Karşıdan anlaşılmadığı düşünülüyor belki ama kimin hangi sırayla ne soracağı ve ne cevap verileceği önden planlanmış, moderatörün söz verirkenki takdimlerinden belliydi.
Promter kullanıldığı da Cumhurbaşkanı Erdoğan'ın birçok soruya okur gibi cevap vermesinden, kitap gibi konuşmasından, göz takibinden fark ediliyordu.
Akış, noktası virgülüne ayarlanmış. Bu kadar çok belli edilirken iyi saklandığının, karşıdan görülmeyeceğinin düşünülmesi, bir kör nokta. Nasıl görülmez?
Hiç mi iktidardan şikayetçi, memnuniyetsiz vatandaş yok?
Bırakın soruları, sokak ropörtajlarında bile tek bir memnuniyetsizlik, olumsuzluk Cumhurbaşkanı'na hissettirilmedi. Başka bir kör nokta.
Sorular da cevaplar da bulutların üstünde geziyordu, gerçeküstü bir havadaydı.
Bu kadar güllük gülistanlık göstermenin mizansen duygusu uyandıracağı, 'tiyatro' eleştirilerine davetiye çıkaracağı, "TRT'nin Cumhurbaşkanı'na moral gecesi" gibi yansıtılacağı nasıl öngörülmez?

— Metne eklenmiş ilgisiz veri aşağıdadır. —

section \<open>Signatures made of single pluses and cancelling pairs\<close>

lemma opow_Suc_first: "opow F (Suc m) x = Option.bind (F x) (opow F m)"
proof (induction m arbitrary: x)
  case 0
  have "opow F 0 = Some" by (rule ext) simp
  then show ?case by simp
next
  case (Suc m)
  have "opow F (Suc m) = (\<lambda>y. Option.bind (opow F m y) F)" by (rule ext) simp
  then show ?case using Suc.IH by simp
qed

text \<open>Read gap by gap (the removable box of row \<open>y\<close>, then the addable box of row \<open>y + 1\<close>), the
  \<open>i\<close>-signature of \<open>k\<close> is the single \<open>+\<close> of the addable box of row \<open>y + 1\<close> if
  \<open>y + 1 \<in> T\<close>, and a cancelling \<open>-+\<close> or nothing otherwise. Then \<open>\<sigma>\<^sub>i\<close> adds one box to each
  row of \<open>T\<close>.\<close>

locale single_plus_signature =
  fixes e :: nat and i :: int and k :: "nat list" and M :: nat and T :: "nat set"
  assumes partition: "is_partition k" and e: "1 < e" and M: "length k + 1 \<le> M"
    and T: "T \<subseteq> {1..M}"
    and first_row: "1 \<in> T \<longleftrightarrow> of_residue e i (True, (1, rowlen k 1 + 1))"
    and plus_row: "\<And>y. 1 \<le> y \<Longrightarrow> y + 1 \<in> T \<Longrightarrow> rowlen k (y + 1) < rowlen k y \<and>
      of_residue e i (True, (y + 1, rowlen k (y + 1) + 1)) \<and>
      \<not> of_residue e i (False, (y, rowlen k y))"
    and other_row: "\<And>y. 1 \<le> y \<Longrightarrow> y + 1 \<notin> T \<Longrightarrow>
      of_residue e i (False, (y, rowlen k y)) \<longleftrightarrow>
      of_residue e i (True, (y + 1, rowlen k (y + 1) + 1))"
begin

lemma plus_gap:
  "y + 1 \<in> T \<Longrightarrow>
    filter (of_residue e i) (gap_entries k y) = [(True, (y + 1, rowlen k (y + 1) + 1))]"
  using first_row plus_row[of y] by (cases "y = 0") (auto simp: gap_entries_0 gap_entries_pos)

lemma block_gap: "y + 1 \<notin> T \<Longrightarrow> cancelling_block False (filter (of_residue e i) (gap_entries k y))"
  using first_row other_row[of y] cancelling_block_gap_entries[of y e i k]
  by (cases "y = 0") (auto simp: gap_entries_0 cancelling_block_def)

definition box :: "nat \<Rightarrow> nat \<times> nat" where
  "box t = (t, rowlen k t + 1)"

definition gap_word :: "nat \<Rightarrow> nat \<Rightarrow> (bool \<times> (nat \<times> nat)) list" where
  "gap_word \<theta> y = (if y + 1 \<in> T then [(y + 1 \<le> \<theta>, box (y + 1))]
                   else filter (of_residue e i) (gap_entries k y))"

Erdoğan'ın popülaritesi, harbilik ve sahicilik algısına dayanıyor. O da kontra sorulara doğaçlama cevaplardaki başarısından geliyor. Bunun yok sayılması da ayrı bir kör nokta.
'Al gülüm ver gülüm, dostlar alış verişte görsün' tarzı bir yayın, kimseyi ne ikna eder ne de inandırıcı gelir.
Yapaylık, sunilik algısının Erdoğan'ın imajına zarar vereceği nasıl hesap edilmez?
Çalışılmış soru ve cevaplardaki tutarsızlıklarsa cabası...
Kılıçdaroğlu'nun, bu saatten sonra hala AK Parti'ye destek verenlere gayri milli demesinin mantıksızlığı soruldu mesela. Yerinde bir soruydu. Tabii çok fena bir kör noktası olmasa!
Cumhurbaşkanı ve AK Parti sözcülerinin de yıllardır sabah akşam CHP'lilere gayri milli dediği nasıl atlanır?